▶ **Task goal**:
Pick out each line of the records in which the word "fzero" appears.

>>>>>

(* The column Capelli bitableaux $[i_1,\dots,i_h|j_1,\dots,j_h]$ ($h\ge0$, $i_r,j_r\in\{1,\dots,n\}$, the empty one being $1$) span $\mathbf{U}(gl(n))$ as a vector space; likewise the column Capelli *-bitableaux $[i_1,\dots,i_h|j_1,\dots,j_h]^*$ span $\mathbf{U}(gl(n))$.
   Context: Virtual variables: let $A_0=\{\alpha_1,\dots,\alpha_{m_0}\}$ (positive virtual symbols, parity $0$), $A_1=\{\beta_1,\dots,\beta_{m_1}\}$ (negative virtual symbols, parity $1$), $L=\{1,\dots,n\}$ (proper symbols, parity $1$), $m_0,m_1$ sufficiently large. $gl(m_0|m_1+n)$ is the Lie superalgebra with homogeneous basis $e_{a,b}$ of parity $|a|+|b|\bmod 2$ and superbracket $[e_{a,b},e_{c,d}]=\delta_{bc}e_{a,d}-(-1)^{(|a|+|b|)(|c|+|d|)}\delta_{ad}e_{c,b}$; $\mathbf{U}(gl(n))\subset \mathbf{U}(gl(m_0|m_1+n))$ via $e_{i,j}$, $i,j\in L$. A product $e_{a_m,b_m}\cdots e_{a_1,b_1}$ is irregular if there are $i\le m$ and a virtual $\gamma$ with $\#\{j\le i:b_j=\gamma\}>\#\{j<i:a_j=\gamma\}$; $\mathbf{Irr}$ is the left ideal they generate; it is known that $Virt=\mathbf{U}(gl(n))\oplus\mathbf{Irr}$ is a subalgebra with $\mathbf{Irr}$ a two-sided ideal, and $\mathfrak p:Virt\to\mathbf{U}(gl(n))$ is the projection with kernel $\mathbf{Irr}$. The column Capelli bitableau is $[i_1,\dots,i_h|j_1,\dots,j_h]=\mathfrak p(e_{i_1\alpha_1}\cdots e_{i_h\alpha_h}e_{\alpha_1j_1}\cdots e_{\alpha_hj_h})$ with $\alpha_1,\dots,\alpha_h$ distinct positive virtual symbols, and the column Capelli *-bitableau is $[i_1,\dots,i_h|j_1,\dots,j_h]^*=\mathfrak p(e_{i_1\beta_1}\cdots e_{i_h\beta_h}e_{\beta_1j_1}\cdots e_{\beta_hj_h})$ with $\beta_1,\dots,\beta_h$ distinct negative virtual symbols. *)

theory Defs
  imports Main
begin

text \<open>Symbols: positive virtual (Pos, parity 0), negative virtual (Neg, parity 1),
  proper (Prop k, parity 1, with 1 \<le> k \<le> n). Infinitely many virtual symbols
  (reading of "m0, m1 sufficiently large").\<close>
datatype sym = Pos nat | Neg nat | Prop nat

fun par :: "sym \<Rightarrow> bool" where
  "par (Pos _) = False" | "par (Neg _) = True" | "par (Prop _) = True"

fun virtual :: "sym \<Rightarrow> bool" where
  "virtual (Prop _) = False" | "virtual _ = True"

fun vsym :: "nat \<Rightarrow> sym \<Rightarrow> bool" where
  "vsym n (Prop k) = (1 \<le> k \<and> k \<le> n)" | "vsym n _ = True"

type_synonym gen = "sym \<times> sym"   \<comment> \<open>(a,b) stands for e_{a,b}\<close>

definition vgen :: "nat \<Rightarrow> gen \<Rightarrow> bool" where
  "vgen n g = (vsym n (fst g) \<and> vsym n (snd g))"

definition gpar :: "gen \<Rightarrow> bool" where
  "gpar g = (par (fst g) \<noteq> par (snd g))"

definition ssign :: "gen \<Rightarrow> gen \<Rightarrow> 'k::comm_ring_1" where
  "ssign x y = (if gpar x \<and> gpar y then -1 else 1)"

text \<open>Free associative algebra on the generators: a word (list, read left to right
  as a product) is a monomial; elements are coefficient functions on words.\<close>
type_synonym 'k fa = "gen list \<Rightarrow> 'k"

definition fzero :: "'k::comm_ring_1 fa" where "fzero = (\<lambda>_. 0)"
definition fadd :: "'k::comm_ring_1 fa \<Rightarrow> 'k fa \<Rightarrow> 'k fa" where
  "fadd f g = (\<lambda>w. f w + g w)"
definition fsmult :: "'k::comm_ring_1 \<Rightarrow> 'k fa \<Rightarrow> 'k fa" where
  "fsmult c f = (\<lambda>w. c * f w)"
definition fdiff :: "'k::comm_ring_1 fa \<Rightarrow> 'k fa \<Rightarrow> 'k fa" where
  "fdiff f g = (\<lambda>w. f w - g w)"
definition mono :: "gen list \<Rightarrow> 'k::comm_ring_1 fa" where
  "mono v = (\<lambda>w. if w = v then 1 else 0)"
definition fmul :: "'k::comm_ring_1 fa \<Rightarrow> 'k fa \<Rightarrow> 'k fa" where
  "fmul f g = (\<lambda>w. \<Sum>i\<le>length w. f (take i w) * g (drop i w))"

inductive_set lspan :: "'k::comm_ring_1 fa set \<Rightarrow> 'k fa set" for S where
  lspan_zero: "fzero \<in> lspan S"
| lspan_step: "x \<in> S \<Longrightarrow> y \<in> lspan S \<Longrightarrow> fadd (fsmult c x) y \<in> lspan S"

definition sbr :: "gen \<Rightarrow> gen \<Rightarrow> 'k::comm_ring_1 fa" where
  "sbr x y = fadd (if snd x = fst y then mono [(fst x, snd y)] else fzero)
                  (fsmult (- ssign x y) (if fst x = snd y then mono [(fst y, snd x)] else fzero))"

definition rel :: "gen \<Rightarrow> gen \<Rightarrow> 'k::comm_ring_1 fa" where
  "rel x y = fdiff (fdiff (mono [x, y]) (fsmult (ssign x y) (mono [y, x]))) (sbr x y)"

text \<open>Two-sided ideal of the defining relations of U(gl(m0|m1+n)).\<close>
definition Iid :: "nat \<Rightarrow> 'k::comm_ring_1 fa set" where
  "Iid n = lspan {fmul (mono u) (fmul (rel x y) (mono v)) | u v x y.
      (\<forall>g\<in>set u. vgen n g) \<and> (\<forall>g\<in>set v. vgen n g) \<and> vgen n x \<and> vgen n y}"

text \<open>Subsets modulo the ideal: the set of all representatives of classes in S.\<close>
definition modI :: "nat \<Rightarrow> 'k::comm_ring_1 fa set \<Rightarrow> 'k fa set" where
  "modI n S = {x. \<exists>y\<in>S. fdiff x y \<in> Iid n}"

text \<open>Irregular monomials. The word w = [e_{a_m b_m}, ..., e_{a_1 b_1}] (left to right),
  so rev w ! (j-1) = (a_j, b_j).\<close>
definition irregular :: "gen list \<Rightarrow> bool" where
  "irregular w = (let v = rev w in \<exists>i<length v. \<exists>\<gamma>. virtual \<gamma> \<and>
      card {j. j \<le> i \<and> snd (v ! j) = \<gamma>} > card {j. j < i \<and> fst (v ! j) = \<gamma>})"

<<<<<

▶ **Answer for this exercise**:
definition fzero :: "'k::comm_ring_1 fa" where "fzero = (\<lambda>_. 0)"
  lspan_zero: "fzero \<in> lspan S"
  "sbr x y = fadd (if snd x = fst y then mono [(fst x, snd y)] else fzero)
                  (fsmult (- ssign x y) (if fst x = snd y then mono [(fst y, snd x)] else fzero))"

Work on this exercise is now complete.